My due date was November 20th, although when I first had gotten pregnant, I calculated my due date to be Nov. 10th. When I woke up on Nov. 5 (I always say my due date was more accurate than the one my doctor gave me) I started to feel cramps. I called my mom, Ed at work, and my doctor’s office in that order. Since I already had a doctor’s appointment at 11:00, the nurse told me I could wait until then to come in. I had told Ed to come home from work so he could drive me to the doctor’s office. It was a beautiful fall morning, and Ed spent the time waiting to rake the leaves into the street for the leaf truck. I usually went to doctor’s appointments by myself, but this time, I didn’t go home after my appointment. The doctor told me I was going to have a baby that day!

I’ve always thought of both of my daughters as little miracles from God. I wasn’t sure I’d be able to get pregnant and have children after undergoing chemotherapy and taking Tamoxifen at such a young age. Many young women are pushed into menopause or become infertile due to cancer treatments. Before Ed and I got married, we talked about the possibility of adoption if we weren’t able to have children.

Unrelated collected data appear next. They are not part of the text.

(* Suppose $\sigma$ is not surjective and $f\in D[t;\sigma]$ is monic of degree $m\ge2$ and irreducible. Then $S_f$ has no zero divisors and is a right division algebra but not a left division algebra. In particular, $S_f$ is an infinite-dimensional $S_0$-algebra.
   Context: $D$ is an associative division ring and $\sigma$ a ring endomorphism of $D$. $D[t;\sigma]$ is the skew polynomial ring with $ta=\sigma(a)t$. For monic $f$ of degree $m$, $S_f$ is the set of polynomials of degree $<m$ with multiplication $g\circ h=$ remainder of $gh$ upon right division by $f$. $S_0=\{a\in D: a\circ h=h\circ a \text{ for all } h\in S_f\}$, a commutative ring over which $S_f$ is an algebra. $f$ is irreducible if it is not a unit and has no factorization $f=gh$ with $\deg g,\deg h<\deg f$. $S_f$ is a right (resp. left) division algebra if $R_a(x)=x\circ a$ (resp. $L_a(x)=a\circ x$) is bijective for all nonzero $a$. *)

theory Defs
  imports "HOL-Computational_Algebra.Polynomial"
begin

text \<open>Skew polynomial ring D[t;sigma] over a division ring D (type 'a), with t a = sigma(a) t.
  Elements are represented by their coefficient sequences ('a poly, used only as a
  container of coefficients); multiplication is the skew product below.\<close>

definition ring_endo :: "('a::division_ring \<Rightarrow> 'a) \<Rightarrow> bool" where
  "ring_endo \<sigma> \<longleftrightarrow> (\<forall>a b. \<sigma> (a + b) = \<sigma> a + \<sigma> b) \<and>
                     (\<forall>a b. \<sigma> (a * b) = \<sigma> a * \<sigma> b) \<and> \<sigma> 1 = 1"

definition skew_mult :: "('a::division_ring \<Rightarrow> 'a) \<Rightarrow> 'a poly \<Rightarrow> 'a poly \<Rightarrow> 'a poly" where
  "skew_mult \<sigma> p q = Poly (map (\<lambda>k. \<Sum>i\<le>k. coeff p i * (\<sigma> ^^ i) (coeff q (k - i)))
                              [0..<degree p + degree q + 1])"

definition skew_unit :: "('a::division_ring \<Rightarrow> 'a) \<Rightarrow> 'a poly \<Rightarrow> bool" where
  "skew_unit \<sigma> f \<longleftrightarrow> (\<exists>g. skew_mult \<sigma> g f = [:1:] \<and> skew_mult \<sigma> f g = [:1:])"

definition skew_irreducible :: "('a::division_ring \<Rightarrow> 'a) \<Rightarrow> 'a poly \<Rightarrow> bool" where
  "skew_irreducible \<sigma> f \<longleftrightarrow> \<not> skew_unit \<sigma> f \<and>
     \<not> (\<exists>g h. degree g < degree f \<and> degree h < degree f \<and> f = skew_mult \<sigma> g h)"

definition skew_rmod :: "('a::division_ring \<Rightarrow> 'a) \<Rightarrow> 'a poly \<Rightarrow> 'a poly \<Rightarrow> 'a poly" where
  "skew_rmod \<sigma> g f = (THE r. degree r < degree f \<and> (\<exists>q. g = skew_mult \<sigma> q f + r))"

definition Sf :: "'a::division_ring poly \<Rightarrow> 'a poly set" where
  "Sf f = {g. degree g < degree f}"

definition Sf_mult :: "('a::division_ring \<Rightarrow> 'a) \<Rightarrow> 'a poly \<Rightarrow> 'a poly \<Rightarrow> 'a poly \<Rightarrow> 'a poly" where
  "Sf_mult \<sigma> f g h = skew_rmod \<sigma> (skew_mult \<sigma> g h) f"

definition S0 :: "('a::division_ring \<Rightarrow> 'a) \<Rightarrow> 'a poly \<Rightarrow> 'a set" where
  "S0 \<sigma> f = {a. \<forall>h\<in>Sf f. Sf_mult \<sigma> f [:a:] h = Sf_mult \<sigma> f h [:a:]}"

definition Sf_no_zero_divisors :: "('a::division_ring \<Rightarrow> 'a) \<Rightarrow> 'a poly \<Rightarrow> bool" where
  "Sf_no_zero_divisors \<sigma> f \<longleftrightarrow>
     (\<forall>g\<in>Sf f. \<forall>h\<in>Sf f. g \<noteq> 0 \<longrightarrow> h \<noteq> 0 \<longrightarrow> Sf_mult \<sigma> f g h \<noteq> 0)"

definition Sf_right_division :: "('a::division_ring \<Rightarrow> 'a) \<Rightarrow> 'a poly \<Rightarrow> bool" where
  "Sf_right_division \<sigma> f \<longleftrightarrow>
     (\<forall>a\<in>Sf f. a \<noteq> 0 \<longrightarrow> bij_betw (\<lambda>x. Sf_mult \<sigma> f x a) (Sf f) (Sf f))"

definition Sf_left_division :: "('a::division_ring \<Rightarrow> 'a) \<Rightarrow> 'a poly \<Rightarrow> bool" where
  "Sf_left_division \<sigma> f \<longleftrightarrow>
     (\<forall>a\<in>Sf f. a \<noteq> 0 \<longrightarrow> bij_betw (\<lambda>x. Sf_mult \<sigma> f a x) (Sf f) (Sf f))"

definition Sf_finite_dim_over_S0 :: "('a::division_ring \<Rightarrow> 'a) \<Rightarrow> 'a poly \<Rightarrow> bool" where
  "Sf_finite_dim_over_S0 \<sigma> f \<longleftrightarrow>
     (\<exists>B. finite B \<and> B \<subseteq> Sf f \<and>
        (\<forall>g\<in>Sf f. \<exists>c. (\<forall>b\<in>B. c b \<in> S0 \<sigma> f) \<and>
                        g = (\<Sum>b\<in>B. Sf_mult \<sigma> f [:c b:] b)))"

end

theory Submission
  imports Defs
begin

text \<open>
  Right division by \<open>f\<close> works in \<open>D[t;\<sigma>]\<close>, so \<open>S\<^sub>f\<close> is an \<open>m\<close>-dimensional left
  \<open>D\<close>-vector space on which each \<open>R\<^sub>a\<close> is left \<open>D\<close>-linear. A relation \<open>x a \<in> D[t;\<sigma>] f\<close>
  with \<open>x, a \<noteq> 0\<close> of degree \<open>< m\<close> can be pushed down the Euclidean algorithm for \<open>a\<close> and
  \<open>f\<close>, using the left Ore condition, until \<open>f\<close> acquires a right factor of degree strictly
  between \<open>0\<close> and \<open>m\<close>; so irreducibility rules out zero divisors, every \<open>R\<^sub>a\<close> is injective,
  and hence bijective by counting dimensions.

  If \<open>c \<notin> \<sigma>(D)\<close>, then \<open>c t \<noteq> t \<circ> x\<close> for all \<open>x\<close>: in \<open>t x = q f + c t\<close> the quotient \<open>q\<close> is
  constant by degrees and zero by comparing constant terms (\<open>f(0) \<noteq> 0\<close> by irreducibility),
  so \<open>c = \<sigma>(x\<^sub>0) \<in> \<sigma>(D)\<close>. Finally \<open>c \<circ> t = t \<circ> c\<close> forces \<open>\<sigma>(c) = c\<close>,
  so \<open>S\<^sub>0\<close> lies in the fixed division ring of \<open>\<sigma>\<close>, over which the constants \<open>c, \<sigma>(c), \<sigma>\<^sup>2(c), \<dots>\<close>
  are linearly independent.
\<close>

lemma sum_eq_single:
  assumes "finite A" "a \<in> A" "\<And>i. i \<in> A \<Longrightarrow> i \<noteq> a \<Longrightarrow> g i = 0"
  shows "sum g A = g a"
  using assms by (simp add: sum.remove[of A a] sum.neutral)

section \<open>Ring endomorphisms of a division ring\<close>

context
  fixes \<tau> :: "'a::division_ring \<Rightarrow> 'a"
  assumes endo: "ring_endo \<tau>"
begin

lemma ring_endo_add: "\<tau> (a + b) = \<tau> a + \<tau> b"
  and ring_endo_mult: "\<tau> (a * b) = \<tau> a * \<tau> b"
  and ring_endo_one: "\<tau> 1 = 1"
  using endo unfolding ring_endo_def by blast+

lemma ring_endo_zero: "\<tau> 0 = 0"
  using ring_endo_add[of 0 0] by simp

lemma ring_endo_uminus: "\<tau> (- a) = - \<tau> a"
  using ring_endo_add[of a "- a"] by (simp add: ring_endo_zero add_eq_0_iff)

lemma ring_endo_diff: "\<tau> (a - b) = \<tau> a - \<tau> b"
  using ring_endo_add[of a "- b"] by (simp add: ring_endo_uminus)

lemma ring_endo_eq_0_iff: "\<tau> a = 0 \<longleftrightarrow> a = 0"
proof
  assume "\<tau> a = 0"
  show "a = 0"
  proof (rule ccontr)
    assume "a \<noteq> 0"
    then have "\<tau> a * \<tau> (inverse a) = 1"
      by (simp add: ring_endo_mult[symmetric] ring_endo_one)
    with \<open>\<tau> a = 0\<close> show False by simp
  qed
qed (simp add: ring_endo_zero)

lemma ring_endo_inverse: "\<tau> (inverse a) = inverse (\<tau> a)"
proof (cases "a = 0")
  case False
  then have "\<tau> a * \<tau> (inverse a) = 1"
    by (simp add: ring_endo_mult[symmetric] ring_endo_one)
  then show ?thesis by (metis inverse_unique)
qed (simp add: ring_endo_zero)

lemma ring_endo_sum: "\<tau> (\<Sum>i\<in>A. g i) = (\<Sum>i\<in>A. \<tau> (g i))"
  by (induction A rule: infinite_finite_induct) (auto simp: ring_endo_zero ring_endo_add)

lemma ring_endo_funpow: "ring_endo (\<tau> ^^ n)"
  by (induction n) (use endo in \<open>auto simp: ring_endo_def\<close>)

end

section \<open>Left linear algebra over a division ring\<close>

text \<open>\<^const>\<open>smult\<close> needs a commutative ring; over a division ring the polynomials form
  a left vector space under this action.\<close>
definition lsmult :: "'a::division_ring \<Rightarrow> 'a poly \<Rightarrow> 'a poly" where
  "lsmult c p = map_poly ((*) c) p"

lemma coeff_lsmult [simp]: "coeff (lsmult c p) n = c * coeff p n"
  unfolding lsmult_def by (simp add: coeff_map_poly)

lemma lsmult_add_right: "lsmult c (p + q) = lsmult c p + lsmult c q"
  by (rule poly_eqI) (simp add: distrib_left)

lemma lsmult_diff_right: "lsmult c (p - q) = lsmult c p - lsmult c q"
  by (rule poly_eqI) (simp add: right_diff_distrib)

lemma lsmult_uminus_right: "lsmult c (- p) = - lsmult c p"
  by (rule poly_eqI) simp

lemma lsmult_diff_left: "lsmult (c - d) p = lsmult c p - lsmult d p"
  by (rule poly_eqI) (simp add: left_diff_distrib)

lemma lsmult_uminus_left: "lsmult (- c) p = - lsmult c p"
  by (rule poly_eqI) simp

lemma lsmult_lsmult: "lsmult c (lsmult d p) = lsmult (c * d) p"
  by (rule poly_eqI) (simp add: mult.assoc)

lemma lsmult_one [simp]: "lsmult 1 p = p"
  and lsmult_0_right [simp]: "lsmult c 0 = 0"
  and lsmult_0_left [simp]: "lsmult 0 p = 0"
  by (rule poly_eqI, simp)+

lemma lsmult_sum_right: "lsmult c (\<Sum>i\<in>A. g i) = (\<Sum>i\<in>A. lsmult c (g i))"
  by (rule poly_eqI) (simp add: coeff_sum sum_distrib_left)

lemma lsmult_sum_left: "lsmult (\<Sum>i\<in>A. g i) p = (\<Sum>i\<in>A. lsmult (g i) p)"
  by (rule poly_eqI) (simp add: coeff_sum sum_distrib_right)

lemma degree_lsmult_le: "degree (lsmult c p) \<le> degree p"
  by (rule degree_le) (simp add: coeff_eq_0)

definition sub_division_ring :: "'a::division_ring set \<Rightarrow> bool" where
  "sub_division_ring K \<longleftrightarrow>
     1 \<in> K \<and> (\<forall>a\<in>K. \<forall>b\<in>K. a - b \<in> K \<and> a * b \<in> K) \<and> (\<forall>a\<in>K. inverse a \<in> K)"

context
  fixes K :: "'a::division_ring set"
  assumes K: "sub_division_ring K"
begin

lemma sub_division_ring_one: "1 \<in> K"
  and sub_division_ring_diff: "a \<in> K \<Longrightarrow> b \<in> K \<Longrightarrow> a - b \<in> K"
  and sub_division_ring_mult: "a \<in> K \<Longrightarrow> b \<in> K \<Longrightarrow> a * b \<in> K"
  and sub_division_ring_inverse: "a \<in> K \<Longrightarrow> inverse a \<in> K"
  using K unfolding sub_division_ring_def by blast+

lemma sub_division_ring_zero: "0 \<in> K"
  using sub_division_ring_diff[OF sub_division_ring_one sub_division_ring_one] by simp

lemma sub_division_ring_uminus: "a \<in> K \<Longrightarrow> - a \<in> K"
  using sub_division_ring_diff[OF sub_division_ring_zero] by fastforce

lemma sub_division_ring_add: "a \<in> K \<Longrightarrow> b \<in> K \<Longrightarrow> a + b \<in> K"
  using sub_division_ring_diff[of a "- b"] sub_division_ring_uminus by simp

lemma sub_division_ring_sum: "(\<And>i. i \<in> A \<Longrightarrow> g i \<in> K) \<Longrightarrow> (\<Sum>i\<in>A. g i) \<in> K"
  by (induction A rule: infinite_finite_induct)
    (auto simp: sub_division_ring_zero sub_division_ring_add)

end

lemma sub_division_ring_UNIV: "sub_division_ring UNIV"
  by (simp add: sub_division_ring_def)

definition lspan :: "'a::division_ring set \<Rightarrow> ('i \<Rightarrow> 'a poly) \<Rightarrow> 'i set \<Rightarrow> 'a poly set" where
  "lspan K v I = {\<Sum>i\<in>I. lsmult (c i) (v i) | c. \<forall>i\<in>I. c i \<in> K}"

lemma lspan_sum_lsmult: "(\<And>i. i \<in> I \<Longrightarrow> c i \<in> K) \<Longrightarrow> (\<Sum>i\<in>I. lsmult (c i) (v i)) \<in> lspan K v I"
  unfolding lspan_def by blast

lemma lspan_insert:
  assumes "finite I" "i0 \<notin> I" "\<And>j. j \<in> J \<Longrightarrow> w j \<in> lspan K v (insert i0 I)"
  shows "\<exists>a r. \<forall>j\<in>J. a j \<in> K \<and> r j \<in> lspan K v I \<and> w j = lsmult (a j) (v i0) + r j"
proof -
  have "\<exists>c q. c \<in> K \<and> q \<in> lspan K v I \<and> w j = lsmult c (v i0) + q" if j: "j \<in> J" for j
  proof -
    obtain c where c: "\<forall>i\<in>insert i0 I. c i \<in> K"
      and w: "w j = (\<Sum>i\<in>insert i0 I. lsmult (c i) (v i))"
      using assms(3)[OF j] unfolding lspan_def by blast
    have "w j = lsmult (c i0) (v i0) + (\<Sum>i\<in>I. lsmult (c i) (v i))"
      using w assms(1,2) by simp
    moreover have "(\<Sum>i\<in>I. lsmult (c i) (v i)) \<in> lspan K v I"
      using c by (simp add: lspan_sum_lsmult)
    ultimately show ?thesis
      using c by blast
  qed
  then show ?thesis
    by metis
qed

So it was unbelievable to me when it took only about three or four months for me to become pregnant with both Lily and Emmy. I was also quite fortunate to have healthy and happy pregnancies. Being pregnant was a wonderful experience for me, and the morning sickness I felt was nothing compared to the sickness of chemotherapy. My hair grew thicker instead of falling out and I was gaining weight due to a healthy baby growing inside of me. Ed and I felt truly blessed.

As we watch both our girls growing before our eyes, and celebrated Lily’s 11th birthday today, we still feel extremely blessed to be the parents of our miracle babies. Because as you know, our girls will always be our babies even as we celebrate birthdays and watch our little girls grow up.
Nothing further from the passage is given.